My last job as an engineer paid 45K when I left, and that was in Washington DC with a PE license and no 401K. The electricians at the plant made more than I did. A few years ago I was in Lowes when one of the electrical foreman from the plant spotted me and he told me that the reason he never bothered trying to become an electrical engineer was because on the occasions he had to hire one to do a small job, the rates were so low that he knew it wasn't going to pan out.

8   HousingWatcher   2011 Oct 24, 6:32am  

I found this piece quite informative:

"According to the IEEE-USA's analysis of Labor Department data," Hira continued, "there are more than 300,000 unemployed engineers and computer scientists" in the United States. And though Hira did not mention it, tens of thousands of the scientists counted as employed are trapped in low-paying postdoc "training" jobs that economists have long recognized as effectively disguising unemployment."

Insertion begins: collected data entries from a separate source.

(* For $1<p<\infty$, the Banach lattice $\ell_p$ (with coordinatewise order) contains a basis $(u_i)$ of $\ell_p$ which is equivalent to the canonical basis $(e_i)$ of $\ell_p$ and which is neither bibasic nor uniformly quasi-greedy.
   Context: A sequence $(x_k)$ of nonzero vectors in a Banach lattice is bibasic if there is $M\ge1$ with $\|\bigvee_{n=1}^m|\sum_{k=1}^na_kx_k|\|\le M\|\sum_{k=1}^ma_kx_k\|$ for all $m$ and scalars $a_k$. A semi-normalized basic sequence $(x_k)$ with span $E$ and biorthogonal functionals $x_k^*$ is uniformly quasi-greedy if $\sup_m\sup_{x\in E,\|x\|=1}\|\bigvee_{n=1}^m|\mathcal{G}_n(x)|\|<\infty$, where $\mathcal{G}_n(x)=\sum_{j=1}^n x^*_{\rho(j)}(x)x_{\rho(j)}$ and $\rho$ is the natural greedy ordering of $x$ (indices listed by non-increasing $|x_k^*(x)|$, ties broken by increasing index). *)

theory Defs
  imports "HOL-Analysis.Analysis"
begin

definition lp :: "real \<Rightarrow> (nat \<Rightarrow> real) set" where
  "lp p = {x. summable (\<lambda>i. \<bar>x i\<bar> powr p)}"

definition lp_norm :: "real \<Rightarrow> (nat \<Rightarrow> real) \<Rightarrow> real" where
  "lp_norm p x = (\<Sum>i. \<bar>x i\<bar> powr p) powr (1 / p)"

definition canon_basis :: "nat \<Rightarrow> nat \<Rightarrow> real" where
  "canon_basis k = (\<lambda>i. if i = k then 1 else 0)"
(* Let $n\geq2$ be finite and $\mathfrak A\in SA_n$. Then the canonical extension $\mathfrak A^+$ of $\mathfrak A$ is completely representable.
   Context: $SA_n=\mathbf{Mod}(\Sigma'_n)$, where $\Sigma'_n$ (signature $\wedge,-,s^i_j,s_{ij}$, $i\neq j<n$) consists of the Boolean axioms, equations saying each $s^i_j,s_{ij}$ is a Boolean endomorphism, and $t_1(x)=t_2(x)$ for all words $t_1,t_2$ with the same associated map in ${}^nn$ (words map to compositions of the transpositions $[i,j]$ and replacements $[i/j]$, where $[i/j]$ sends $i$ to $j$ and fixes the rest). The canonical extension $\mathfrak A^+$ is the complex algebra of the ultrafilter frame of $\mathfrak A$: universe $\mathcal P(\mathrm{Uf}\mathfrak A)$, and for each unary operator $f$, $f^+(Y)=\{u\in\mathrm{Uf}\mathfrak A:\exists w\in Y\ \forall b\in w\ f(b)\in u\}$. $\mathfrak B$ is completely representable if there is an injective homomorphism $g:\mathfrak B\to\wp(D)$ with $D$ dipermutable (closed under $s\mapsto s\circ[i/j]$ and $s\mapsto s\circ[i,j]$) and $g(\prod Y)=\bigcap g[Y]$ whenever $\prod Y$ exists; $\wp(D)$ carries $\cap$, complement relative to $D$, $S^i_j(X)=\{q\in D:q\circ[i/j]\in X\}$, $S_{ij}(X)=\{q\in D:q\circ[i,j]\in X\}$. *)

theory Defs
  imports Main "HOL-Library.FuncSet"
begin

record 'a sa_alg =
  sa_carrier :: "'a set"
  sa_meet :: "'a \<Rightarrow> 'a \<Rightarrow> 'a"
  sa_cmp :: "'a \<Rightarrow> 'a"
  sa_sub :: "nat \<Rightarrow> nat \<Rightarrow> 'a \<Rightarrow> 'a"
  sa_swp :: "nat \<Rightarrow> nat \<Rightarrow> 'a \<Rightarrow> 'a"

definition sa_join :: "'a sa_alg \<Rightarrow> 'a \<Rightarrow> 'a \<Rightarrow> 'a" where
  "sa_join A x y = sa_cmp A (sa_meet A (sa_cmp A x) (sa_cmp A y))"
lemma Yon_natural:
  fixes a :: "(nat \<Rightarrow> nat) \<Rightarrow> 'k::comm_ring_1"
  assumes h: "h \<in> maps m m'"
  shows "Yon t n a m' (Pmap n m h v) = Pmap t m h (Yon t n a m v)"
proof
  fix g'
  define F where "F g f = a f * v g" for g f
  have "Yon t n a m' (Pmap n m h v) g'
      = (\<Sum>g''\<in>maps n m'. \<Sum>g\<in>comp_fibre n m h g''. \<Sum>f\<in>comp_fibre t n g'' g'. F g f)"
    unfolding Yon_apply Pmap_apply F_def
    by (simp add: sum_distrib_left sum.swap[where B = "comp_fibre n m h _"])
  also have "\<dots> = (\<Sum>g''\<in>maps n m'. \<Sum>g\<in>comp_fibre n m h g''.
                        \<Sum>f\<in>comp_fibre t n (restrict (h \<circ> g) {..<n}) g'. F g f)"
    by (intro sum.cong refl) (auto simp: comp_fibre_def[of n m h])
  also have "\<dots> = (\<Sum>g\<in>maps n m. \<Sum>f\<in>comp_fibre t n (restrict (h \<circ> g) {..<n}) g'. F g f)"
    unfolding comp_fibre_def[of n m h] by (rule sum.group) (auto intro: restrict_comp_in_maps[OF h])
  also have "\<dots> = (\<Sum>g\<in>maps n m. \<Sum>g\<^sub>0\<in>comp_fibre t m h g'. \<Sum>f\<in>comp_fibre t n g g\<^sub>0. F g f)"
    by (simp add: sum_comp_fibre_comp_fibre)
  also have "\<dots> = Pmap t m h (Yon t n a m v) g'"
    unfolding Yon_apply Pmap_apply F_def by (rule sum.swap)
  finally show "Yon t n a m' (Pmap n m h v) g' = Pmap t m h (Yon t n a m v) g'" .
qed

lemma is_nat_trans_Yon: "is_nat_trans n t (Yon t n (a :: (nat \<Rightarrow> nat) \<Rightarrow> 'k::comm_ring_1))"
  unfolding is_nat_trans_def by (simp add: Yon_in_Pfree Yon_add Yon_smult Yon_natural)

section \<open>The generator of \<open>Pbar\<^sup>\<otimes>\<^sup>n\<close>\<close>

definition gen_tensor :: "nat \<Rightarrow> (nat \<Rightarrow> nat) \<Rightarrow> 'k::comm_ring_1" where
  "gen_tensor n = tensor n (Suc n) (\<lambda>i. unit_diff i n)"

lemma gen_tensor_in_Pbar_pow: "gen_tensor n \<in> Pbar_pow n (Suc n)"
  unfolding gen_tensor_def by (rule tensor_in_Pbar_pow) (auto intro: unit_diff_in_Pbar)

lemma Pmap_gen_tensor:
  "h \<in> maps (Suc n) m'
   \<Longrightarrow> Pmap n (Suc n) h (gen_tensor n) = (tensor n m' (\<lambda>i. unit_diff (h i) (h n)) :: _ \<Rightarrow> 'k::comm_ring_1)"
  unfolding gen_tensor_def by (rule Pmap_tensor_unit_diff) auto

lemma Pmap_gen_tensor_in_Pbar_pow:
  assumes h: "h \<in> maps (Suc n) m'"
  shows "Pmap n (Suc n) h (gen_tensor n) \<in> Pbar_pow n m'"
proof -
  have "0 < m'"
    using maps_less[OF h, of n] by simp
  then show ?thesis
    unfolding Pmap_gen_tensor[OF h] by (intro tensor_in_Pbar_pow unit_diff_in_Pbar) (auto intro: maps_less[OF h])
qed

lemma tensor_unit_diff_eq_Pmap_gen_tensor:
  assumes p: "p \<in> maps n m" and m: "0 < m"
  shows "tensor n m (\<lambda>i. unit_diff (p i) 0) = (Pmap n (Suc n) (p(n := 0)) (gen_tensor n) :: _ \<Rightarrow> 'k::comm_ring_1)"
  unfolding Pmap_gen_tensor[OF fun_upd_in_maps[OF p m]] by (intro tensor_cong) simp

http://sciencecareers.sciencemag.org/career_magazine/previous_issues/articles/2011_09_02/caredit.a1100089

10   corntrollio   2011 Oct 26, 8:04am  

zzyzzx says

My last job as an engineer paid 45K when I left, and that was in Washington DC with a PE license and no 401K. The electricians at the plant made more than I did. A few years ago I was in Lowes when one of the electrical foreman from the plant spotted me and he told me that the reason he never bothered trying to become an electrical engineer was because on the occasions he had to hire one to do a small job, the rates were so low that he knew it wasn't going to pan out.

Who'd you work for and what year? I know that people who worked as electrical engineers for big companies made more than that and had generous 401(k) matches 10-15 years ago, and that's without including overtime on top of that salary.

11   zzyzzx   2011 Oct 27, 5:44am  

corntrollio says

Who'd you work for and what year? I know that people who worked as electrical engineers for big companies made more than that and had generous 401(k) matches 10-15 years ago, and that's without including overtime on top of that salary.

1992-1995 for a small 8a contractor.

12   corntrollio   2011 Oct 27, 6:02am  

zzyzzx says

1992-1995 for a small 8a contractor.

Didn't mind your government cheese then, did you?